Le film se déroule en deux parties, la première où l’on suit les deux amants et leur relation qui s’intensifie, puis suite au drame où Liliom quitte notre monde et atterrit par un train dans le ciel à une espèce de purgatoire et tente de se racheter pour revenir sur terre.
Réaliser cette rupture entre les deux mondes, entre les deux niveaux du réel et une certaine forme de l’au-delà sans aucun moyen technique, à part la richesse des décors, quel talent, monsieur Borzage ! Le public est resté perplexe. D’autant plus qu’il n’a pas été aidé pour le découvrir. Le film est interdit en Angleterre, France et Allemagne pour des raisons religieuses. En Autriche et par « respect » avec l’origine de l’auteur de la pièce de théâtre, il est diffusé uniquement en version originale dans le but de réduire l’audience. Les cathos eux n’y vont pas par deux ciseaux, ils amputent tout simplement la partie qui traite de l’au-delà.
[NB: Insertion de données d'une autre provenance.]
(* Let $P,Q\in\Gamma_n$ and $0<r\le R$ with $r\le p_i/q_i\le R$ for all $i$. Let $s,t\in\mathbb{R}$ with $0\le s\le4$. If $t\ge s$ and $t(4-s)\ge6s-s^2-4$, then $$\Big(\frac{r+1}{2r}\Big)^{s-t-1}\frac{(4-s)r+s}{r}\,\Omega_t(P\|Q)\le\zeta_s(Q\|P)\le\Big(\frac{R+1}{2R}\Big)^{s-t-1}\frac{(4-s)R+s}{R}\,\Omega_t(P\|Q).$$ If $t\le s$ and $t(4-s)\le6s-s^2-4$, then $$\Big(\frac{R+1}{2R}\Big)^{s-t-1}\frac{(4-s)R+s}{R}\,\Omega_t(P\|Q)\le\zeta_s(Q\|P)\le\Big(\frac{r+1}{2r}\Big)^{s-t-1}\frac{(4-s)r+s}{r}\,\Omega_t(P\|Q).$$
   Context: $\Gamma_n=\{P=(p_1,\dots,p_n): p_i>0,\ \sum_i p_i=1\}$, $n\ge2$. For $P,Q\in\Gamma_n$ and $s\in\mathbb{R}$: $\Omega_s(P\|Q)=[s(s-1)]^{-1}\big[\sum_i p_i\big(\frac{p_i+q_i}{2p_i}\big)^s-1\big]$ for $s\ne0,1$; $\Omega_0(P\|Q)=\sum_i p_i\ln\frac{2p_i}{p_i+q_i}$; $\Omega_1(P\|Q)=\sum_i\frac{p_i+q_i}{2}\ln\frac{p_i+q_i}{2p_i}$. $\zeta_s(Q\|P)=(s-1)^{-1}\sum_i(q_i-p_i)\big(\frac{p_i+q_i}{2p_i}\big)^{s-1}$ for $s\ne1$; $\zeta_1(Q\|P)=\sum_i(q_i-p_i)\ln\frac{p_i+q_i}{2p_i}$. *)

theory Defs
  imports Complex_Main
begin

definition Gamma :: "nat \<Rightarrow> (nat \<Rightarrow> real) set" where
  "Gamma n = {p. (\<forall>i<n. p i > 0) \<and> (\<Sum>i<n. p i) = 1}"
Il n’y a rien à voir, le film s’achève quand Liliom trépasse.

Au niveau du jeu des acteurs, Borzage demandait à Rose Hobart de parler en récitant carrément son texte lors de certaines scènes en s’inscrivant dans les distanciations du théâtre dont était si friand un Berthold Brecht. Quelle modernité !

Les décors abstraits de Harry Oliver bien visibles correspondent à l’écran à des formes géométriques et répondent parfaitement aux lumières sombres obscures de l’ici-bas, en contraste avec l’au-delà sans drame qui a gommé jusqu’à la musique des passions.

Un film vraiment étonnant, d’autant plus après avoir suivi dans plusieurs films le charmant Charles Farrell. L’entendre jacter est vraiment surprenant. Il limite ses mimiques et donne de la voix.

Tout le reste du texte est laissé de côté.